## To do
Look below for the line that has "(\<forall>s a s'. 0". Set down the lines from there through the line that has "f ((\<lambda>(xs, y).", exactly as written.

Records for the task Block Start

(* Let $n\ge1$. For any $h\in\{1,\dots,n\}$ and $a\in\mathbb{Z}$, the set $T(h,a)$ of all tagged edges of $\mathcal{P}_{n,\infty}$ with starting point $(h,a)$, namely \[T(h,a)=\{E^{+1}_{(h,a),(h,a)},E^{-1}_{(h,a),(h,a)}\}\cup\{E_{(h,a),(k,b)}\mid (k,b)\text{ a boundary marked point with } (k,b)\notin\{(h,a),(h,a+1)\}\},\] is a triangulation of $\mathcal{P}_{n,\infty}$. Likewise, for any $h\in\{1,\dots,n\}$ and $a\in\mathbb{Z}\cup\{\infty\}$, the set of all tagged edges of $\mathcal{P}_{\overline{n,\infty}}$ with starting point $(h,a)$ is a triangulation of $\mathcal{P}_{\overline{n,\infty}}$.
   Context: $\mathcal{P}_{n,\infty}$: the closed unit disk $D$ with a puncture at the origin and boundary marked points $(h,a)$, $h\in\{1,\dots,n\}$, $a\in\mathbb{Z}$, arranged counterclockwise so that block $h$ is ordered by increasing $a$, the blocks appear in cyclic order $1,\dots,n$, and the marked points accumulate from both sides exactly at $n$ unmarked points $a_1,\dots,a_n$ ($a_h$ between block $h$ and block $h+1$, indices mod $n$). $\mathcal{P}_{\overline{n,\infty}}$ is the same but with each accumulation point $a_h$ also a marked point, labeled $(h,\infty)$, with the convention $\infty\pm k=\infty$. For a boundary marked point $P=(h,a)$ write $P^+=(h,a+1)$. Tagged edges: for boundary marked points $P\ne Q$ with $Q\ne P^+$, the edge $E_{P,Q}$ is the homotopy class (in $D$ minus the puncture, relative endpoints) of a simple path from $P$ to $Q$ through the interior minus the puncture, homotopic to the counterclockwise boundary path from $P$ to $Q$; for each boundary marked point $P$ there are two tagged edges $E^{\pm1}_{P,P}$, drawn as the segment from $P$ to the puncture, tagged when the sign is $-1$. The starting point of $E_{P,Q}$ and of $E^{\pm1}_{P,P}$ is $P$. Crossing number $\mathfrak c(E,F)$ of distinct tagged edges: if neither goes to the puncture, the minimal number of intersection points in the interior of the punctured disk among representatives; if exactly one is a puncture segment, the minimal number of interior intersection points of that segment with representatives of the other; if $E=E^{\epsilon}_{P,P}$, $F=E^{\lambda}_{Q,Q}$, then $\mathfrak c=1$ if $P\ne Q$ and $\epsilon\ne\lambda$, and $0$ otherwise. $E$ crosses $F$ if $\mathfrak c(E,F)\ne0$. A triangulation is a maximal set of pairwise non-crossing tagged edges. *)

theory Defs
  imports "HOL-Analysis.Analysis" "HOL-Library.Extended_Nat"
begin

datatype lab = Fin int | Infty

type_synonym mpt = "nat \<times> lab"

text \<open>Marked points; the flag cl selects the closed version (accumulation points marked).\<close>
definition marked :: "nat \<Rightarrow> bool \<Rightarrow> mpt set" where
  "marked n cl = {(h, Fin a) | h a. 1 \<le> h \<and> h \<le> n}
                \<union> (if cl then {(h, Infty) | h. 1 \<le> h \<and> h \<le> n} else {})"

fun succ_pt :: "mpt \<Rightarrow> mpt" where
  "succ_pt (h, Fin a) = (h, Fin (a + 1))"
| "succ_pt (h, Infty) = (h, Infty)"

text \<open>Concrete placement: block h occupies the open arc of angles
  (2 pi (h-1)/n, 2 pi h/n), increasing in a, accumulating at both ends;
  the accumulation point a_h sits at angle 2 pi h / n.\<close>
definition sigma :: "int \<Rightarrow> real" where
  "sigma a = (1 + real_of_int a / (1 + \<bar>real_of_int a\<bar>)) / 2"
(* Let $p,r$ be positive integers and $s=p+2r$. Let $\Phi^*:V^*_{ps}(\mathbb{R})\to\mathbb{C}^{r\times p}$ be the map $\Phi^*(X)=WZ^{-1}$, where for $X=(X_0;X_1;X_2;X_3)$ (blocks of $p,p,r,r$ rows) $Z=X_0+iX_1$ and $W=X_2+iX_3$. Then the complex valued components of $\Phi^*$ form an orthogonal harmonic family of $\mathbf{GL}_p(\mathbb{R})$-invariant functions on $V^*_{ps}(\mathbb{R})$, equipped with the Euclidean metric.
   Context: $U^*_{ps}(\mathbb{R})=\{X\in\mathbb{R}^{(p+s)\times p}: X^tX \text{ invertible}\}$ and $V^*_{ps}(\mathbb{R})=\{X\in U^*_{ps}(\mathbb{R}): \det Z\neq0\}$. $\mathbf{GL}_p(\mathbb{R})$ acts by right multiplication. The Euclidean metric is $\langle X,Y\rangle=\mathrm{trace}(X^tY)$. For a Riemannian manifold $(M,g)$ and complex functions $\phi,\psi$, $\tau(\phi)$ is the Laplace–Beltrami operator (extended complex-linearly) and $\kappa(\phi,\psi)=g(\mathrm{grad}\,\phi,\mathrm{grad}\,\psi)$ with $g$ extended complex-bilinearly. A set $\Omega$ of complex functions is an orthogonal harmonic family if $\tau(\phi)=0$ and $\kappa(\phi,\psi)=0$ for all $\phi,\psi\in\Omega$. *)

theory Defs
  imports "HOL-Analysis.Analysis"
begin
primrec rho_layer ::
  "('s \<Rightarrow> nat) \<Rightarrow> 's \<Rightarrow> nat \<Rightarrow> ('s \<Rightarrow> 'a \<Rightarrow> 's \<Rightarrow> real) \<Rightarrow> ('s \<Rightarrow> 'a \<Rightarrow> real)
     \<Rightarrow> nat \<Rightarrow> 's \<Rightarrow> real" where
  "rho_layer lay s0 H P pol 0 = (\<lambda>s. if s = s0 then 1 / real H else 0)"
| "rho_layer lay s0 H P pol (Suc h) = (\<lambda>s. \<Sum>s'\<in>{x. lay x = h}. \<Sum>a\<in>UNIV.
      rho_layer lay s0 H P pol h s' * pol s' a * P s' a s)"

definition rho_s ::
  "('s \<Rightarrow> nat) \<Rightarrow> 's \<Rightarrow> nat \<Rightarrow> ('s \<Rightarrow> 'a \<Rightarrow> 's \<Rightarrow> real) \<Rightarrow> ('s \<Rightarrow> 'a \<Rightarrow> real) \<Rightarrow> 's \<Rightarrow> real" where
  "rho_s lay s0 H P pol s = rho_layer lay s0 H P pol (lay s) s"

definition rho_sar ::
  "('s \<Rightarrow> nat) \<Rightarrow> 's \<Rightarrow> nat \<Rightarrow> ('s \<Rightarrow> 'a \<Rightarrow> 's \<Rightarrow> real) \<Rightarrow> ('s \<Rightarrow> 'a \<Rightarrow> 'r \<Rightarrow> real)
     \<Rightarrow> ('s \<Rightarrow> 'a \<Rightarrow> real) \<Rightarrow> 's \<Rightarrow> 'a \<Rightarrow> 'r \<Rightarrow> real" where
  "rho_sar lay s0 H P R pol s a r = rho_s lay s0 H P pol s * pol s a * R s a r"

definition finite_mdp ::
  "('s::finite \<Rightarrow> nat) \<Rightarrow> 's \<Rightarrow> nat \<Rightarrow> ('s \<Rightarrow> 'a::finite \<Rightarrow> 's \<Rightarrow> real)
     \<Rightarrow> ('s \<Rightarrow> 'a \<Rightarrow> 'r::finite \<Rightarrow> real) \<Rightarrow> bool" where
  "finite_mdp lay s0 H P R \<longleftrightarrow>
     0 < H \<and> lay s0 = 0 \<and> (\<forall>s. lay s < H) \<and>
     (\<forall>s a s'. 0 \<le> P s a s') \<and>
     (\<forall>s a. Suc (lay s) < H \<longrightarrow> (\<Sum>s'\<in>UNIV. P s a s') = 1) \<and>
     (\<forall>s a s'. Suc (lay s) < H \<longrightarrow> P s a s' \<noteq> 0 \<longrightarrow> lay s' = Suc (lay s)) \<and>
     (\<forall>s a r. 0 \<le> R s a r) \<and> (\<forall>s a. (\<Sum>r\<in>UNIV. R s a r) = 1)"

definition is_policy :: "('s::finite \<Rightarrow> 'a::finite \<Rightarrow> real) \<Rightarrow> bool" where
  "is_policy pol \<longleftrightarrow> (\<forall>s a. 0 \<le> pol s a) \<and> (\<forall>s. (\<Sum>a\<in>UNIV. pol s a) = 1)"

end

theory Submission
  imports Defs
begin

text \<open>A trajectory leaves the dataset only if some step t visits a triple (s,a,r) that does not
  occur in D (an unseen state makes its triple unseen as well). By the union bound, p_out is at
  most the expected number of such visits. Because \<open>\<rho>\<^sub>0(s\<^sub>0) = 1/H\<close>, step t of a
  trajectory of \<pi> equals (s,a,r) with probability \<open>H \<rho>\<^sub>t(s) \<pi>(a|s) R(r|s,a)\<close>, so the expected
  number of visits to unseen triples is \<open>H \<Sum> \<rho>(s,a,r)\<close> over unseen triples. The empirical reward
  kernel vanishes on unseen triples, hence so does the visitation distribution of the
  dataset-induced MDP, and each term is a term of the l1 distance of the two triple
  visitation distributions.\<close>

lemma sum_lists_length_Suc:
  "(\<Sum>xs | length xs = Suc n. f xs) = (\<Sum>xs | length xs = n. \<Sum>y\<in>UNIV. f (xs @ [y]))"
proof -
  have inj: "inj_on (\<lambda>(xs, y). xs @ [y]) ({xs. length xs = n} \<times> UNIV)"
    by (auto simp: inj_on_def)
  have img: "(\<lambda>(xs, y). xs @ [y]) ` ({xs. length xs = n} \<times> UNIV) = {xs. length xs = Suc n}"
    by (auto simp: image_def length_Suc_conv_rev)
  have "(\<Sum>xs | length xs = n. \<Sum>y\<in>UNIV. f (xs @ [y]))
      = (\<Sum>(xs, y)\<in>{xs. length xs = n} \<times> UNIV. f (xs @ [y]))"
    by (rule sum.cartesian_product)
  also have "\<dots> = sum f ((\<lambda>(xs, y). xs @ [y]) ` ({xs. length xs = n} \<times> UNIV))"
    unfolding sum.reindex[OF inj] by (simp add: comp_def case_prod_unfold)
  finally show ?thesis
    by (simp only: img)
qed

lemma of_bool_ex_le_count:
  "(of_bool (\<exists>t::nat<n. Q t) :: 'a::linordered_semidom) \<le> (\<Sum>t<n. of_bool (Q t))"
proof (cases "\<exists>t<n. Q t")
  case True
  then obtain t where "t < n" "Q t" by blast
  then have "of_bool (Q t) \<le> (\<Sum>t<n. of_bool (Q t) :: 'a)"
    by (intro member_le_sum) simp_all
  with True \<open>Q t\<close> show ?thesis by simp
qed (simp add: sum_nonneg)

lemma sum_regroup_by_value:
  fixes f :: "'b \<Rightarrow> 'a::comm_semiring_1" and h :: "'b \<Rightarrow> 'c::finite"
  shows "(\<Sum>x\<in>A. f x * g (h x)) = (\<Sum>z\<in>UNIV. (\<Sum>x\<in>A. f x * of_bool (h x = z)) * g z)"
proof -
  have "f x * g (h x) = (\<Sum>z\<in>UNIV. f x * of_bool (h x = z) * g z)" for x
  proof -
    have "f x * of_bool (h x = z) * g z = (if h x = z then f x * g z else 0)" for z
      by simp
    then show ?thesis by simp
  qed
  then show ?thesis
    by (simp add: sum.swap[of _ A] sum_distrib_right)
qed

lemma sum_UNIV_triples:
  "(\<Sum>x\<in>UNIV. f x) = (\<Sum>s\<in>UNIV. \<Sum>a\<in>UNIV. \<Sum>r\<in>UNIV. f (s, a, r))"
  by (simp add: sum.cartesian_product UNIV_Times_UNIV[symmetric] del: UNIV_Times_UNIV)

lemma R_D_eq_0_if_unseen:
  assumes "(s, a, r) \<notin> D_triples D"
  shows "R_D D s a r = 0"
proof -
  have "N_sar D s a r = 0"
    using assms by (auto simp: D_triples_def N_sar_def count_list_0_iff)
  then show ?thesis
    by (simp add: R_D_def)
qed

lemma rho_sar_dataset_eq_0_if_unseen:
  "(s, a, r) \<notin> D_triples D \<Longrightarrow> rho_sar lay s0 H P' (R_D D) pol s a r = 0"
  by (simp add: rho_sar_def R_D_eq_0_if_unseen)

Records for the task Block End

## Task response
     (\<forall>s a s'. 0 \<le> P s a s') \<and>
     (\<forall>s a. Suc (lay s) < H \<longrightarrow> (\<Sum>s'\<in>UNIV. P s a s') = 1) \<and>
     (\<forall>s a s'. Suc (lay s) < H \<longrightarrow> P s a s' \<noteq> 0 \<longrightarrow> lay s' = Suc (lay s)) \<and>
     (\<forall>s a r. 0 \<le> R s a r) \<and> (\<forall>s a. (\<Sum>r\<in>UNIV. R s a r) = 1)"

definition is_policy :: "('s::finite \<Rightarrow> 'a::finite \<Rightarrow> real) \<Rightarrow> bool" where
  "is_policy pol \<longleftrightarrow> (\<forall>s a. 0 \<le> pol s a) \<and> (\<forall>s. (\<Sum>a\<in>UNIV. pol s a) = 1)"

end

theory Submission
  imports Defs
begin

text \<open>A trajectory leaves the dataset only if some step t visits a triple (s,a,r) that does not
  occur in D (an unseen state makes its triple unseen as well). By the union bound, p_out is at
  most the expected number of such visits. Because \<open>\<rho>\<^sub>0(s\<^sub>0) = 1/H\<close>, step t of a
  trajectory of \<pi> equals (s,a,r) with probability \<open>H \<rho>\<^sub>t(s) \<pi>(a|s) R(r|s,a)\<close>, so the expected
  number of visits to unseen triples is \<open>H \<Sum> \<rho>(s,a,r)\<close> over unseen triples. The empirical reward
  kernel vanishes on unseen triples, hence so does the visitation distribution of the
  dataset-induced MDP, and each term is a term of the l1 distance of the two triple
  visitation distributions.\<close>

lemma sum_lists_length_Suc:
  "(\<Sum>xs | length xs = Suc n. f xs) = (\<Sum>xs | length xs = n. \<Sum>y\<in>UNIV. f (xs @ [y]))"
proof -
  have inj: "inj_on (\<lambda>(xs, y). xs @ [y]) ({xs. length xs = n} \<times> UNIV)"
    by (auto simp: inj_on_def)
  have img: "(\<lambda>(xs, y). xs @ [y]) ` ({xs. length xs = n} \<times> UNIV) = {xs. length xs = Suc n}"
    by (auto simp: image_def length_Suc_conv_rev)
  have "(\<Sum>xs | length xs = n. \<Sum>y\<in>UNIV. f (xs @ [y]))
      = (\<Sum>(xs, y)\<in>{xs. length xs = n} \<times> UNIV. f (xs @ [y]))"
    by (rule sum.cartesian_product)
  also have "\<dots> = sum f ((\<lambda>(xs, y). xs @ [y]) ` ({xs. length xs = n} \<times> UNIV))"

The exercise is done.